FOI Notes: India, Latin America, Scotland, US, Gambia, OGP, Video, Tunisia

14 June 2017

India: A court sentences RTI activist Nikhil Dey and four others to four months in jail in a 19-year-old case related to their effort to obtain information about local corruption, according to an article in The Citizen. The activists were assaulted by a village official, who then charged them with assault. The sentence has been suspended pending an appeal. The Times of India reported that academics and members of civil society reacted with disbelief over the verdict. Former central information commissioner (CIC) Shailesh Gandhi said this was a “sad comment on our nation.” Aruna Roy from MKSS called it “an utterly false case filed by a corrupt powerful Sarpanch who misused his influence and power and who had himself physically assaulted them for demanding information,” MoneyLife reported.

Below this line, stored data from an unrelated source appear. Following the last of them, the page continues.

definition local_opt :: "nat \<Rightarrow> nat \<Rightarrow> nat \<Rightarrow> (nat \<Rightarrow> nat \<Rightarrow> ereal) \<Rightarrow> (nat \<Rightarrow> nat \<Rightarrow> ereal) \<Rightarrow>
    (nat \<Rightarrow> nat \<Rightarrow> ereal) \<Rightarrow> (nat \<Rightarrow> nat) \<Rightarrow> (nat \<Rightarrow> nat) \<Rightarrow> (nat \<Rightarrow> real) \<Rightarrow> bool" where
  "local_opt m n p Ap Am C mup mum x \<longleftrightarrow>
     feasible m n Ap Am x \<and>
     (\<exists>\<delta>>0. \<forall>y. feasible m n Ap Am y \<and> (\<forall>j<n. \<bar>x j - y j\<bar> < \<delta>)
                \<longrightarrow> fobj p n C mup mum y \<ge> fobj p n C mup mum x)"

text \<open>epsilon(x): smallest positive value among the (finite) differences; Inf {} = \<infinity>.\<close>
definition eps :: "nat \<Rightarrow> nat \<Rightarrow> nat \<Rightarrow> (nat \<Rightarrow> nat \<Rightarrow> ereal) \<Rightarrow> (nat \<Rightarrow> nat \<Rightarrow> ereal) \<Rightarrow>
    (nat \<Rightarrow> nat \<Rightarrow> ereal) \<Rightarrow> (nat \<Rightarrow> real) \<Rightarrow> ereal" where
  "eps m n p Ap Am C x = Inf ({e. e > 0} \<inter>
     ({ereal \<bar>(real_of_ereal (amax Ap Am i j1) + x j1) - (real_of_ereal (amax Ap Am i j2) + x j2)\<bar> | i j1 j2.
         i < m \<and> j1 < n \<and> j2 < n \<and> amax Ap Am i j1 \<noteq> -\<infinity> \<and> amax Ap Am i j2 \<noteq> -\<infinity>} \<union>
      {ereal \<bar>(real_of_ereal (C k j1) + x j1) - (real_of_ereal (C k j2) + x j2)\<bar> | k j1 j2.
         k < p \<and> j1 < n \<and> j2 < n \<and> C k j1 \<noteq> -\<infinity> \<and> C k j2 \<noteq> -\<infinity>}))"

datatype vtx = Src | Snk | Uv nat | Vv nat | Wv nat

definition verts :: "nat \<Rightarrow> nat \<Rightarrow> nat \<Rightarrow> vtx set" where
  "verts m n p = {Src, Snk} \<union> Uv ` {..<p} \<union> Vv ` {..<n} \<union> Wv ` {..<m}"

definition undir_edges :: "nat \<Rightarrow> nat \<Rightarrow> nat \<Rightarrow> (nat \<Rightarrow> nat \<Rightarrow> ereal) \<Rightarrow> (nat \<Rightarrow> nat \<Rightarrow> ereal) \<Rightarrow>
    (nat \<Rightarrow> nat \<Rightarrow> ereal) \<Rightarrow> (vtx \<times> vtx) set" where
  "undir_edges m n p Ap Am C =
     {(Uv k, Vv j) | k j. k < p \<and> j < n \<and> C k j \<noteq> -\<infinity>} \<union>
     {(Vv j, Uv k) | k j. k < p \<and> j < n \<and> C k j \<noteq> -\<infinity>} \<union>
     {(Wv i, Vv j) | i j. i < m \<and> j < n \<and> amax Ap Am i j \<noteq> -\<infinity>} \<union>
     {(Vv j, Wv i) | i j. i < m \<and> j < n \<and> amax Ap Am i j \<noteq> -\<infinity>}"

definition graph_connected :: "nat \<Rightarrow> nat \<Rightarrow> nat \<Rightarrow> (nat \<Rightarrow> nat \<Rightarrow> ereal) \<Rightarrow> (nat \<Rightarrow> nat \<Rightarrow> ereal) \<Rightarrow>
    (nat \<Rightarrow> nat \<Rightarrow> ereal) \<Rightarrow> bool" where
  "graph_connected m n p Ap Am C \<longleftrightarrow>
     (\<forall>a\<in>verts m n p - {Src, Snk}. \<forall>b\<in>verts m n p - {Src, Snk}.
        (a, b) \<in> (undir_edges m n p Ap Am C)\<^sup>*)"

definition E1 :: "nat \<Rightarrow> nat \<Rightarrow> (nat \<Rightarrow> nat \<Rightarrow> ereal) \<Rightarrow> (nat \<Rightarrow> real) \<Rightarrow> (vtx \<times> vtx) set" where
  "E1 n p C x = {(Uv k, Vv j) | k j. k < p \<and> j < n \<and> rowmax n C k x = C k j + ereal (x j)}"

definition E2 :: "nat \<Rightarrow> nat \<Rightarrow> (nat \<Rightarrow> nat \<Rightarrow> ereal) \<Rightarrow> (nat \<Rightarrow> nat \<Rightarrow> ereal) \<Rightarrow> (nat \<Rightarrow> real) \<Rightarrow> (vtx \<times> vtx) set" where
  "E2 m n Ap Am x = {(Wv i, Vv j) | i j. i < m \<and> j < n \<and> rowmax n (amax Ap Am) i x = Am i j + ereal (x j)}"

definition E3 :: "nat \<Rightarrow> nat \<Rightarrow> (nat \<Rightarrow> nat \<Rightarrow> ereal) \<Rightarrow> (nat \<Rightarrow> nat \<Rightarrow> ereal) \<Rightarrow> (nat \<Rightarrow> real) \<Rightarrow> (vtx \<times> vtx) set" where
  "E3 m n Ap Am x = {(Vv j, Wv i) | i j. i < m \<and> j < n \<and> rowmax n (amax Ap Am) i x = Ap i j + ereal (x j)}"

definition Eext :: "nat \<Rightarrow> nat \<Rightarrow> nat \<Rightarrow> (nat \<Rightarrow> nat \<Rightarrow> ereal) \<Rightarrow> (nat \<Rightarrow> nat \<Rightarrow> ereal) \<Rightarrow>
    (nat \<Rightarrow> nat \<Rightarrow> ereal) \<Rightarrow> (nat \<Rightarrow> real) \<Rightarrow> (vtx \<times> vtx) set" where
  "Eext m n p Ap Am C x = E1 n p C x \<union> E2 m n Ap Am x \<union> E3 m n Ap Am x \<union>
     {(Src, Uv k) | k. k < p} \<union> {(Vv j, Snk) | j. j < n}"

fun cap :: "(nat \<Rightarrow> nat) \<Rightarrow> (nat \<Rightarrow> nat) \<Rightarrow> nat \<Rightarrow> vtx \<times> vtx \<Rightarrow> nat" where
  "cap mup mum D (Src, Uv k) = mup k"
| "cap mup mum D (Vv j, Snk) = mum j"
| "cap mup mum D _ = D"

text \<open>The family frak-G(x): subgraphs (given by edge sets) obtained by deleting edges of E3
  so that every w_i has exactly one incoming edge.\<close>
definition subgraphs :: "nat \<Rightarrow> nat \<Rightarrow> nat \<Rightarrow> (nat \<Rightarrow> nat \<Rightarrow> ereal) \<Rightarrow> (nat \<Rightarrow> nat \<Rightarrow> ereal) \<Rightarrow>
    (nat \<Rightarrow> nat \<Rightarrow> ereal) \<Rightarrow> (nat \<Rightarrow> real) \<Rightarrow> (vtx \<times> vtx) set set" where
  "subgraphs m n p Ap Am C x = {H. Eext m n p Ap Am C x - E3 m n Ap Am x \<subseteq> H \<and> H \<subseteq> Eext m n p Ap Am C x \<and>
       (\<forall>i<m. card {v. (v, Wv i) \<in> H} = 1)}"

text \<open>s-t cuts (X, verts - X) with Src in X, Snk not in X.\<close>
definition st_cuts :: "nat \<Rightarrow> nat \<Rightarrow> nat \<Rightarrow> vtx set set" where
  "st_cuts m n p = {X. X \<subseteq> verts m n p \<and> Src \<in> X \<and> Snk \<notin> X}"

definition cut_cap :: "(nat \<Rightarrow> nat) \<Rightarrow> (nat \<Rightarrow> nat) \<Rightarrow> nat \<Rightarrow> (vtx \<times> vtx) set \<Rightarrow> vtx set \<Rightarrow> nat" where
  "cut_cap mup mum D H X = (\<Sum>e\<in>{e\<in>H. fst e \<in> X \<and> snd e \<notin> X}. cap mup mum D e)"

definition min_cut :: "nat \<Rightarrow> nat \<Rightarrow> nat \<Rightarrow> (nat \<Rightarrow> nat) \<Rightarrow> (nat \<Rightarrow> nat) \<Rightarrow> nat \<Rightarrow> (vtx \<times> vtx) set \<Rightarrow> nat" where
  "min_cut m n p mup mum D H = Min (cut_cap mup mum D H ` st_cuts m n p)"

end

theory Submission
  imports Defs
begin

(*
  For a perturbation y = x + d whose spread max d - min d stays below epsilon(x), no two entries of
  a row change their order, so each row maximum moves by the largest increment of d over the indices
  where it is attained. Hence f(y) - f(x) = sum_k mu+_k max_{S_k} d - sum_j mu-_j d_j, with S_k the
  maximisers of row k of C, and row i stays feasible iff the largest increment over the maximisers
  of row i of A is attained at a maximiser that comes from A+.

  If some H has an s-t cut (X, Y) of capacity < D, no edge of capacity D crosses it. Raising the
  coordinates in J = Y \<inter> [n] by delta therefore keeps every row feasible (the in-edge of w_i is the
  witness) and changes f by at most delta (capacity - D) < 0.

  Conversely, if a nearby feasible y improves f, a layer-cake decomposition of d = y - x shows that
  one superlevel set J of d has mu+{k. S_k meets J} < mu-(J). Feasibility of y makes J closed along
  the tangent edges, and taking the in-edge of each w_i from J whenever possible yields a subgraph
  with a cut of capacity < D.
*)

section \<open>Row maxima under small perturbations\<close>

lemma rowmax_upper: "j < n \<Longrightarrow> M i j + ereal (x j) \<le> rowmax n M i x"
  unfolding rowmax_def by (rule SUP_upper) auto

lemma rowmax_least: "(\<And>j. j < n \<Longrightarrow> M i j + ereal (x j) \<le> b) \<Longrightarrow> rowmax n M i x \<le> b"
  unfolding rowmax_def by (rule SUP_least) auto

lemma rowmax_attained:
  assumes "0 < n"
  obtains j where "j < n" "rowmax n M i x = M i j + ereal (x j)"
proof -
  have "Sup ((\<lambda>j. M i j + ereal (x j)) ` {..<n}) \<in> (\<lambda>j. M i j + ereal (x j)) ` {..<n}"
    by (rule finite_Sup_in) (use assms in \<open>auto simp: sup_max max_def\<close>)
  then show thesis using that unfolding rowmax_def by auto
qed

lemma max_plus_ereal: "max a b + ereal c = max (a + ereal c) (b + ereal c)"
  by (cases a; cases b) (simp_all add: max_def)

lemma rowmax_amax: "rowmax n (amax Ap Am) i x = max (rowmax n Ap i x) (rowmax n Am i x)"
proof -
  have "rowmax n (amax Ap Am) i x = (SUP j\<in>{..<n}. max (Ap i j + ereal (x j)) (Am i j + ereal (x j)))"
    unfolding rowmax_def amax_def by (simp add: max_plus_ereal)
  also have "\<dots> = max (rowmax n Ap i x) (rowmax n Am i x)"
    unfolding rowmax_def sup_max[symmetric] by (rule Complete_Lattices.SUP_sup_distrib[symmetric])
  finally show ?thesis .
qed

lemma rowmax_finite:
  assumes "\<forall>j<n. M i j \<noteq> \<infinity>" and "\<exists>j<n. M i j \<noteq> -\<infinity>"
  obtains r where "rowmax n M i x = ereal r"
proof -
  obtain j where j: "j < n" "M i j \<noteq> -\<infinity>" using assms(2) by blast
  obtain j0 where j0: "j0 < n" "rowmax n M i x = M i j0 + ereal (x j0)"
    using rowmax_attained[of n M i x] j(1) by auto
  have "rowmax n M i x \<noteq> \<infinity>" using j0 assms(1) by auto
  moreover have "rowmax n M i x \<noteq> -\<infinity>"
    using rowmax_upper[OF j(1), of M i x] j(2) by auto
  ultimately show thesis using that by (cases "rowmax n M i x") auto
qed

(* The tangent edges in terms of active sets, with AM = amax Ap Am:
   (u_k, j) \<in> E1 iff j \<in> active n C C k x, (w_i, j) \<in> E2 iff j \<in> active n AM Am i x,
   and (j, w_i) \<in> E3 iff j \<in> active n AM Ap i x. *)
definition active :: "nat \<Rightarrow> (nat \<Rightarrow> nat \<Rightarrow> ereal) \<Rightarrow> (nat \<Rightarrow> nat \<Rightarrow> ereal) \<Rightarrow> nat \<Rightarrow> (nat \<Rightarrow> real) \<Rightarrow> nat set"
  where "active n M N i x = {j. j < n \<and> rowmax n M i x = N i j + ereal (x j)}"

definition preserves_order :: "nat \<Rightarrow> (nat \<Rightarrow> nat \<Rightarrow> ereal) \<Rightarrow> nat \<Rightarrow> (nat \<Rightarrow> real) \<Rightarrow> (nat \<Rightarrow> real) \<Rightarrow> bool"
  where "preserves_order n M i x y \<longleftrightarrow>
    (\<forall>j1<n. \<forall>j2<n. M i j1 + ereal (x j1) < M i j2 + ereal (x j2) \<longrightarrow>
                    M i j1 + ereal (y j1) < M i j2 + ereal (y j2))"

lemma finite_active [simp]: "finite (active n M N i x)"
  unfolding active_def by simp

lemma active_nonempty:
  assumes "rowmax n M i x = ereal r"
  shows "active n M M i x \<noteq> {}"
proof -
  have "0 < n"
    using assms by (cases n) (auto simp: rowmax_def bot_ereal_def)
  then obtain j where "j < n" "rowmax n M i x = M i j + ereal (x j)"
    by (rule rowmax_attained)
  then show ?thesis unfolding active_def by blast
qed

Latin America: “Access to information: Lessons from Latin America,” by Bill Orme, a former journalist and independent consultant specializing in media development and strategic communication. “Using the testimonies of three freedom-of-expression decision-makers involved in the implementation of access to information laws in three complex Latin American countries: Jacqueline Peshard (Mexico), Juan Pablo Olmedo (Chile) and José Eduardo Elías Romo (Brazil), Orme introduces the reader to the complexities of implementing these policies in the real world.” Access the Spanish version. Access the English version.  “This report reviews the regional implications and challenges of the indicators endorsed by the UN to monitor progress towards SDG16.10, and shows how the Latin American experience in this area offers valuable lessons for other countries and regions.”

Scotland: The BBC reports on a parliamentary debate in which some members called for a “wholescale review” of the Scottish government’s freedom of information practices. Neil Findlay decryied a “systematic avoidance of scrutiny and accountability from the highest level.” Journalists recently signed an open letter raising concerns about the way FoI requests are handled. See the FoI debate live.

United States: Steven Aftergood reports in Secrecy News that the Department of Defense is asking Congress to enact a new exemption from the Freedom of Information Act for certain military tactics, techniques and procedures, as well as rules of engagement, that are sensitive but unclassified.

United States: New York Times FOIA attorney David McCraw writes about the paper’s use of FOI, commenting along the way: “No matter how well meaning the officers, default position for any bureaucracy will inevitably be to withhold documents.”

Gambia: Commentary calling for a FOI law written by Alagi Yorro Jallow, founder and former managing editor of The Independent, the Gambia’s only private newspaper before it was banned by the government in 2005. “The fact remains that the only commodity that is scarcer than meat in the Gambia is the truth,” he wrote, “It is incredible how Gambians constantly receive contrasting and contradictory information from official government sources, suggesting an unacceptable level of incompetence or, worse still, intentional misinformation and deceit for propaganda purposes.”

Open Data: The Open Knowledge International announces the final State of Government Open Data report for 2017. It  identifies “three critical obstacles preventing open data use: data is hard to find; not user-friendly; and not openly licensed.”

OGP: OGP is seeking to commission a series of synthesis papers on evidence of the impact of open government reforms. See details hereMost importantly, we need to understand ways to use the evidence more effectively and incentivize high level political leaders to champion open government.”

India: creates a new website promoting its services, including testimonials.

Video: The Carter Center’s first animated video highlights the Global Access to Information Program’s efforts to empower women by helping them obtain potentially life-changing information.

India: Comparison of RTI data show that the Narendra Modi government has not been as good for right to information as its predecessor, according to an article about recent reports by the Commonwealth Human Rights Initiative.

Tunisia: A case study by Tristan Dreisback examines how Tunisia embraced open government.


In January 2011, mass demonstrations in Tunisia ousted a regime that had tolerated little popular participation, opening the door to a new era of transparency. The protesters demanded an end to the secrecy that had protected elite privilege. Five months later, the president issued a decree that increased citizen access to government data and formed a steering committee to guide changes in information practices, building on small projects already in development. Advocates in the legislature and the public service joined with civil society leaders to support a strong access-to-information policy, to change the culture of public administration, and to secure the necessary financial and technical resources to publish large quantities of data online in user-friendly formats. Several government agencies launched their own open-data websites. External pressure, coupled with growing interest from civil society and legislators, helped keep transparency reforms on the cabinet office agenda despite frequent changes in top leadership. In 2016, Tunisia adopted one of the world’s strongest laws regarding access to information. Although members of the public did not put all of the resources to use immediately, the country moved much closer to having the data needed to improve access to services, enhance government performance, and support the evidence-based deliberation on which a healthy democracy depended.